■ Working data:
___

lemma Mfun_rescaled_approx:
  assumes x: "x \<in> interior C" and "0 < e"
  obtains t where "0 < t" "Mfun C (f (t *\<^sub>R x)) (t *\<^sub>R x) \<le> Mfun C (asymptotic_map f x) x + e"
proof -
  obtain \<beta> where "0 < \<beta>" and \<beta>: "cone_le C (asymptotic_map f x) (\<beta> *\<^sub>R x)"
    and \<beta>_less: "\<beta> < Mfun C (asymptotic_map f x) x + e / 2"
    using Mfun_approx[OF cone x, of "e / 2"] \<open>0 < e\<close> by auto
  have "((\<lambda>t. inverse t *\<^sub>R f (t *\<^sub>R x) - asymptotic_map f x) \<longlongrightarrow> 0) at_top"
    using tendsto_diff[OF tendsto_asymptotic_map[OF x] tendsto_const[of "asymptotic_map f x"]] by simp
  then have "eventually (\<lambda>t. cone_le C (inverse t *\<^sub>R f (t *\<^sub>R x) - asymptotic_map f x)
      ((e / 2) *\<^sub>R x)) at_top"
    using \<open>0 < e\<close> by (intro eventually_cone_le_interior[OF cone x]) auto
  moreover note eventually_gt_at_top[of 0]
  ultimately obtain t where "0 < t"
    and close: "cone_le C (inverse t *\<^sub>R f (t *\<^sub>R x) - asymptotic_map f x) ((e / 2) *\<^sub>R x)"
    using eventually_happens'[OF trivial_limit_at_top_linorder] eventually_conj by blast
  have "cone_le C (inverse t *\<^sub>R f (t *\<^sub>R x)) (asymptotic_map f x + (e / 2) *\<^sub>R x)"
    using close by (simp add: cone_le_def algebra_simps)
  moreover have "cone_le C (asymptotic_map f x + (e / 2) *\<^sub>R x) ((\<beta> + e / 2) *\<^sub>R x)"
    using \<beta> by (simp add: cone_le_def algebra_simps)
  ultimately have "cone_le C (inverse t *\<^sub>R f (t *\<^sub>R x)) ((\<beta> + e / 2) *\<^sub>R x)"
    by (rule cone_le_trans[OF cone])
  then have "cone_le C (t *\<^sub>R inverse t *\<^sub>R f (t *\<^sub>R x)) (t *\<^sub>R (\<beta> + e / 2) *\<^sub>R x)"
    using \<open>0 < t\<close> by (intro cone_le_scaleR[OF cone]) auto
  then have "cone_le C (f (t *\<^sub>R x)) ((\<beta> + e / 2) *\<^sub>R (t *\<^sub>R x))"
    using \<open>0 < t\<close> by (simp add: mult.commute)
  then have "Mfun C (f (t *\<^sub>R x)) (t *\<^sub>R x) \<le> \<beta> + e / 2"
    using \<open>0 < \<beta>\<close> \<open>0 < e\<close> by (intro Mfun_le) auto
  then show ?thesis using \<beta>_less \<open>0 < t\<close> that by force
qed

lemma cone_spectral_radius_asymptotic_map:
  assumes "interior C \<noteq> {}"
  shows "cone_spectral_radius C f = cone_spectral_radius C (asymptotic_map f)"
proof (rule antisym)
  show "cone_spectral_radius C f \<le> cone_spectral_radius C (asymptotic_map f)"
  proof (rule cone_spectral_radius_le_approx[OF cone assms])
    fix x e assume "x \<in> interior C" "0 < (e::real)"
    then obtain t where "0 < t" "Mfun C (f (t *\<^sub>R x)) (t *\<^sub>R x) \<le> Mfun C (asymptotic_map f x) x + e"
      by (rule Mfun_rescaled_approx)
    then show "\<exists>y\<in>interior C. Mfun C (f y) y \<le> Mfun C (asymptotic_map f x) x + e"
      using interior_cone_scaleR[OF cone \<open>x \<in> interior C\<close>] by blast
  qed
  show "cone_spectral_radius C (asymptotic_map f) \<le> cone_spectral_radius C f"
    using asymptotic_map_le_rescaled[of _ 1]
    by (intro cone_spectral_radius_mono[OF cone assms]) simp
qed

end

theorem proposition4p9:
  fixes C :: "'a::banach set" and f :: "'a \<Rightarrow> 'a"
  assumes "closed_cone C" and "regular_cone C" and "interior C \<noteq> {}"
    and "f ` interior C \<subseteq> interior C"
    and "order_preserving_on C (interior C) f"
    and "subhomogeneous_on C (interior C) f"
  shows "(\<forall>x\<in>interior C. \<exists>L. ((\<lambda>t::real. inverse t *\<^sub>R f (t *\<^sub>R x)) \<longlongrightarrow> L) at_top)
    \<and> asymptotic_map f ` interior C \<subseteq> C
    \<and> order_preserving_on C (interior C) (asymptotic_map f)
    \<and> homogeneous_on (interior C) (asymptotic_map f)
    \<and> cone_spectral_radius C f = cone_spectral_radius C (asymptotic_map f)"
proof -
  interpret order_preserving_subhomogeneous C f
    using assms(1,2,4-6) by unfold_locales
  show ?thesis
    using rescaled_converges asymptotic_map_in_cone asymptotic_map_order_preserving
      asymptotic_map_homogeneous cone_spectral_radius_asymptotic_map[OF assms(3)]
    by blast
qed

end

___

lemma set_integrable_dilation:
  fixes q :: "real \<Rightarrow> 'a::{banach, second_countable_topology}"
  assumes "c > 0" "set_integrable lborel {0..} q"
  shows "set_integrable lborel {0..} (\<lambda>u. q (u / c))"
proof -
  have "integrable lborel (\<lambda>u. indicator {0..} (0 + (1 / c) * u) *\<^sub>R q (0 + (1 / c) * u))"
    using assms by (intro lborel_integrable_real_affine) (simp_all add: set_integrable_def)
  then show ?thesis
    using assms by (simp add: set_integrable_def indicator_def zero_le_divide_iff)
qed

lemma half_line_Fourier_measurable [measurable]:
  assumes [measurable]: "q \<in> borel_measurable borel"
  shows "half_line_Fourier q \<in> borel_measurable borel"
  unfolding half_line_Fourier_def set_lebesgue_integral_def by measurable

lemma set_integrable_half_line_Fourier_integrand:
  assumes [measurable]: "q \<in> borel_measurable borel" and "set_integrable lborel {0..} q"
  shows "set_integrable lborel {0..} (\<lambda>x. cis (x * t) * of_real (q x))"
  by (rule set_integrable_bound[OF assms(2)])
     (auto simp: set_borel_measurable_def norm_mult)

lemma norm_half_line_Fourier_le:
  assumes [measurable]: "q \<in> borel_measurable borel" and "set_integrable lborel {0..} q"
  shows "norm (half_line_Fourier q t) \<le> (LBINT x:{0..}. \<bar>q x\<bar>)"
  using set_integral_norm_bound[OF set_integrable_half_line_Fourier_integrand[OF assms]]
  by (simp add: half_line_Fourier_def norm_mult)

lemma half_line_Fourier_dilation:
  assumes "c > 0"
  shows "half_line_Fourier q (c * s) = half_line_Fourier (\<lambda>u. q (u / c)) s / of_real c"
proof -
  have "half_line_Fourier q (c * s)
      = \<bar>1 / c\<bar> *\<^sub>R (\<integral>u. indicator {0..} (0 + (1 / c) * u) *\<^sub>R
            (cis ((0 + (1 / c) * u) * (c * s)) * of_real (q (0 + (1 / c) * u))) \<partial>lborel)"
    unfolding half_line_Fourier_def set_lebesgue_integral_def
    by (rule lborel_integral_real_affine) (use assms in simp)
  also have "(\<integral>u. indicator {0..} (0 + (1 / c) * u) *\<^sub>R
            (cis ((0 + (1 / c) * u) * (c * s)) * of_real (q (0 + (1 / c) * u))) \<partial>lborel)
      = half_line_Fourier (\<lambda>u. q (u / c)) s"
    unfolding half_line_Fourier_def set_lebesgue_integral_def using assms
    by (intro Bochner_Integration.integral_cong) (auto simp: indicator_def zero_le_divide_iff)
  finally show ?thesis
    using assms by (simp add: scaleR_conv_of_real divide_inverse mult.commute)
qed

___

■ Task:
The reply must be a number and nothing more: the count of lines above that contain the word "thesis".

■ Answer to this problem:
4